Twelve subjects participated in this study, including 5 women and 7 men aged 19 to 45 (mean age, 27.1 ± 7.7 years). All of the subjects were deemed to be right-handed (mean laterality quotient, 87.4%; range, 58.3%-100%) using the Edinburgh handedness questionnaire.42 To be included, subjects could not have a history of neurologic disease, or any known contraindications to either spinal manipulation or magnetic stimulation (described in more detail below). The subjects were furthermore required to have a history of reoccurring neck pain or stiffness (eg, present during the performance of certain tasks such as work or study). However, at the time of the experiment, all subjects were required to be pain free. This was done to assess the potential effects of spinal manipulation delivered to dysfunctional joints alone without the presence of acute pain, as the presence of pain is known to alter corticomotor measures such as those used in this current study.43, 44, 45 The University of Auckland Human Participants Ethical Committee approved the study in accordance with the Declaration of Helsinki.

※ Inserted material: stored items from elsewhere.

(* Let $X$ be a Banach space with the Approximation Property, and assume that $\ell_\infty$ embeds isomorphically into $\mathcal{L}(X)$. Then $\ell_1$ embeds isomorphically as a complemented subspace of $\mathcal{N}(X)$.
   Context: $\mathcal{L}(X)$ is the space of bounded linear operators on $X$ with the operator norm. $\mathcal{N}(X)$ is the space of nuclear operators on $X$: the operators $T=\sum_{n=1}^\infty x_n^*\otimes y_n$ with $x_n^*\in X^*$, $y_n\in X$, $\sum_n\|x_n^*\|\|y_n\|<\infty$ (where $(x^*\otimes y)(x)=x^*(x)y$), equipped with the nuclear norm $\nu(T)=\inf\sum_n\|x_n^*\|\|y_n\|$, the infimum over all such representations of $T$. *)

theory Defs
  imports "HOL-Analysis.Analysis"
begin

(* L(X) is the type of bounded linear operators 'a =>L 'a (blinfun) with the operator norm;
  X* is 'a =>L real. The space l_infinity is the type nat =>C real
  of bounded (continuous) real sequences with the sup norm. *)

definition finite_rank :: "('a::real_normed_vector \<Rightarrow>\<^sub>L 'b::real_normed_vector) \<Rightarrow> bool" where
  "finite_rank T \<longleftrightarrow> (\<exists>B. finite B \<and> range (blinfun_apply T) \<subseteq> span B)"
lemma integrable_quartic_decay: "integrable lborel quartic_decay"
  by (rule Bochner_Integration.integrable_bound[OF integrable_inverse_1_plus_square_lborel])
     (auto simp: abs_of_pos quartic_decay_pos quartic_decay_le_inverse add_pos_nonneg)

lemma integrable_abs_mult_quartic_decay: "integrable lborel (\<lambda>y. \<bar>y\<bar> * quartic_decay y)"
  by (rule Bochner_Integration.integrable_bound[OF integrable_inverse_1_plus_square_lborel])
     (auto simp: abs_mult abs_of_pos quartic_decay_pos abs_mult_quartic_decay_le add_pos_nonneg)

definition quartic_decay_const :: real where
  "quartic_decay_const =
     4 + (LINT y|lborel. quartic_decay y) + (LINT y|lborel. \<bar>y\<bar> * quartic_decay y)"

lemma quartic_decay_moments_nonneg:
  "0 \<le> (LINT y|lborel. quartic_decay y)" "0 \<le> (LINT y|lborel. \<bar>y\<bar> * quartic_decay y)"
  by (auto intro!: integral_nonneg_AE AE_I2 simp: quartic_decay_nonneg)

lemma quartic_decay_const_pos: "0 < quartic_decay_const"
  unfolding quartic_decay_const_def using quartic_decay_moments_nonneg by simp

lemma nonneg_of_abs_le_mult_quartic_decay:
  fixes f :: "real \<Rightarrow> real"
  assumes "\<bar>f y\<bar> \<le> B * quartic_decay y"
  shows "0 \<le> B"
  using order_trans[OF abs_ge_zero assms] quartic_decay_pos[of y] by (simp add: zero_le_mult_iff)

Transcranial Magnetic Stimulation 

Two MagStim 200 (MagStim, Dyfed, United Kingdom) magnetic stimulators and a 55-mm-diameter figure-of-8 coil were used to deliver single-pulse magnetic stimuli and double-pulse stimuli via a BiStim2 unit (MagStim) over the cortical motor strip opposite to the dominant limb at the optimal position for eliciting MEPs from the abductor pollicis brevis (APB). A purpose-made tight-fitting cotton cap marked with a 1-cm grid over M1 was initially positioned with reference to the vertex and used to locate the optimal site. This optimal site was then marked on the scalp to ensure identical placement of the coil throughout the experiment. The coil was held approximately 45° to the midline with the handle pointing posteriorly. With this coil orientation, the induced current in the brain is directed approximately perpendicular to the line of the central sulcus, a condition optimal for activating the corticospinal system transsynaptically.46 Resting and active motor thresholds were determined. Rest motor threshold (RTh) was defined as the minimal stimulus intensity at which 5 of 10 consecutive stimuli evoked an MEP with an amplitude of at least 50 μV in APB muscle at rest. The active motor threshold (ATh) was defined as the minimal stimulus intensity at which 5 of 10 consecutive stimuli evoked an MEP with an amplitude of at least 100 μV in APB muscle while holding a weak isotonic background contraction (5%-10% maximal voluntary contraction [MVC]).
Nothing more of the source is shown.